Bix Beiderbecke : Volume 3 - 1927 (Masters Of Jazz). Ce cornettiste blanc, à la sonorité dénuée de vibrato, injecte un peu de romantisme européen dans le jazz hot et annonce, avec 20 ans d'avance, l'esthétique cool. Ce disque comprend le fascinant In A Mist enregistré au piano solo ainsi que les six chefs-d'oeuvre gravés en sextette sous le nom de Bix And His Gang.

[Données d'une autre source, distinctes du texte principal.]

private lemma norm_split_point_le: "norm (complex_of_real a * z + of_nat N * z) \<le> 2"
proof -
  have "complex_of_real a * z + of_nat N * z = complex_of_real (real N + a) * z"
    by (simp add: algebra_simps)
  then have "norm (complex_of_real a * z + of_nat N * z) = \<bar>real N + a\<bar> * norm z"
    by (simp only: norm_mult norm_of_real)
  also have "\<dots> = real N * norm z + a * norm z" using a by (simp add: algebra_simps)
  finally show ?thesis using N a z(2) mult_left_le_one_le[of "norm z" a] by simp
qed

lemma tail_bound_at_scale:
  defines "v \<equiv> complex_of_real a * z + of_nat N * z"
  shows "norm (z * (\<Sum>j. E_times (v + of_nat j * z)) + Ln (1 - exp (- v)))
           \<le> 2 * (1 + \<Delta>) / (1 - exp (- (1 / (1 + \<Delta>))))\<^sup>2 * norm z"
proof -
  define \<kappa> where "\<kappa> = 1 - exp (- (1 / (1 + \<Delta>)))"
  have \<kappa>: "\<kappa> > 0" using \<Delta> by (simp add: \<kappa>_def)
  have z_sector: "norm z \<le> (1 + \<Delta>) * Re z" using norm_le_sector_D[OF z(1)] .
  have "1 / (1 + \<Delta>) \<le> real N * Re z"
    using N(2) \<Delta> mult_left_mono[OF z_sector, of "real N"] by (simp add: field_simps)
  also have "\<dots> \<le> Re v" using a Re_z_pos by (simp add: v_def)
  finally have "norm (z * (\<Sum>j. E_times (v + of_nat j * z)) + Ln (1 - exp (- v)))
                  \<le> (norm z)\<^sup>2 / \<kappa>\<^sup>2 / (1 - exp (- Re z))"
    unfolding \<kappa>_def using Re_z_pos \<Delta> by (intro tail_sum_E_times_estimate) auto
  also have "\<dots> \<le> (norm z)\<^sup>2 / \<kappa>\<^sup>2 / (Re z / 2)"
    using Re_z_pos z(2) complex_Re_le_cmod[of z] \<kappa>
    by (intro divide_left_mono one_minus_exp_minus_ge_half) auto
  also have "\<dots> = 2 / \<kappa>\<^sup>2 * norm z * (norm z / Re z)"
    using Re_z_pos by (simp add: field_simps power2_eq_square)
  also have "\<dots> \<le> 2 / \<kappa>\<^sup>2 * norm z * (1 + \<Delta>)"
    using Re_z_pos z_sector by (intro mult_left_mono) (auto simp: field_simps)
  finally show ?thesis by (simp add: \<kappa>_def field_simps)
qed

lemma head_bound_at_scale:
  assumes B: "\<forall>x\<in>cball 0 2. norm (deriv exp_quot_logderiv x) \<le> B"
  defines "w \<equiv> complex_of_real a * z" and "v \<equiv> complex_of_real a * z + of_nat N * z"
  shows "norm (z * (\<Sum>m<N. exp_quot_logderiv (w + of_nat m * z)) - (log_exp_quot v - log_exp_quot w))
           \<le> 2 * B * norm z"
proof -
  have "0 \<le> B" using B by (meson centre_in_cball norm_ge_zero order_trans zero_le_numeral)
  have "norm (z * (\<Sum>m<N. exp_quot_logderiv (w + of_nat m * z)) - (log_exp_quot v - log_exp_quot w))
          \<le> real N * B * (norm z)\<^sup>2"
    using head_sum_logderiv_estimate[OF _ Re_z_pos _ _ B, of w N] Re_z_pos a z(2)
      norm_start_le norm_split_point_le
    by (simp add: w_def v_def)
  also have "\<dots> = (real N * norm z) * B * norm z" by (simp add: power2_eq_square)
  also have "\<dots> \<le> 2 * B * norm z"
    using N(3) \<open>0 \<le> B\<close> by (intro mult_right_mono) auto
  finally show ?thesis .
qed

lemma initial_bound_at_scale:
  assumes M: "\<forall>v\<in>cball 0 2. norm (deriv exp_quot v) \<le> M" and small: "M * norm z < 1/2"
  shows "norm (log_exp_quot (complex_of_real a * z)) \<le> 2 * M * norm z"
proof -
  have "0 \<le> M" using M by (meson centre_in_cball norm_ge_zero order_trans zero_le_numeral)
  with norm_start_le have "M * norm (complex_of_real a * z) \<le> M * norm z"
    by (rule mult_left_mono)
  then have "norm (log_exp_quot (complex_of_real a * z)) \<le> 2 * M * norm (complex_of_real a * z)"
    using Re_z_pos a z(2) norm_start_le M small
    by (intro norm_log_exp_quot_le[of _ 2]) auto
  also have "\<dots> \<le> 2 * M * norm z" using norm_start_le \<open>0 \<le> M\<close> by (simp add: mult_left_mono)
  finally show ?thesis .
qed

lemma Digamma_bound_at_scale:
  "norm (complex_of_real (Digamma (real N + a) - ln (real N + a))) \<le> 2 * norm z"
proof -
  have "\<bar>Digamma (real N + a) - ln (real N + a)\<bar> \<le> 1 / (real N + a - 1)"
    using N a by (intro abs_Digamma_real_minus_ln_le) auto
  also have "\<dots> \<le> 2 / real N" using N a by (simp add: field_simps)
  also have "\<dots> \<le> 2 * norm z" using N by (simp add: field_simps)
  finally show ?thesis by (simp only: norm_of_real)
qed

lemma E_times_sum_remainder_bound:
  assumes M: "\<forall>v\<in>cball 0 2. norm (deriv exp_quot v) \<le> M" and "M * norm z < 1/2"
    and B: "\<forall>v\<in>cball 0 2. norm (deriv exp_quot_logderiv v) \<le> B"
  shows "norm ((\<Sum>m. E_times ((of_nat m + complex_of_real a) * z))
                - (- Ln z / z - Digamma (complex_of_real a) / z))
           \<le> 2 * (1 + \<Delta>) / (1 - exp (- (1 / (1 + \<Delta>))))\<^sup>2 + 2 * B + 2 * M + 2"
    (is "norm ?R \<le> ?K")
proof -
  have "norm z * norm ?R
          \<le> 2 * (1 + \<Delta>) / (1 - exp (- (1 / (1 + \<Delta>))))\<^sup>2 * norm z + 2 * B * norm z
             + 2 * M * norm z + 2 * norm z"
    unfolding norm_mult[symmetric] E_times_sum_decomposition[OF Re_z_pos a(1), of N]
    using tail_bound_at_scale head_bound_at_scale[OF B] initial_bound_at_scale[OF assms(1,2)]
      Digamma_bound_at_scale
    by (smt (verit) norm_triangle_ineq norm_triangle_ineq4)
  also have "\<dots> = norm z * ?K" by (simp add: algebra_simps)
  finally show ?thesis
    by (rule mult_left_le_imp_le) (use Re_z_pos in auto)
qed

Louis Armstrong : Vol. IV - Louis Armstrong And Earl Hines (CBS). La collection de ces enregistrements de 1928 par le second Hot Five d'Armstrong compte parmi ses plus grandes oeuvres. Weather Bird, splendide duo avec le piano d'Earl Hines, et le célèbre West End Blues sont inclus. (Louis Armstrong : 1925 - 1928)
Duke Ellington And His Orchestra : Early Ellington 1927 - 1934 (RCA Bluebird). Parce qu'il faut en choisir un dans l'abondante discographie d'Ellington. Celui-ci comprend tous les titres marquants de la première période ellingtonienne : Black And Tan Fantasy, The Mooche, Creole Love Call, Solitude, Black Beauty .... (Swing & Big Bands)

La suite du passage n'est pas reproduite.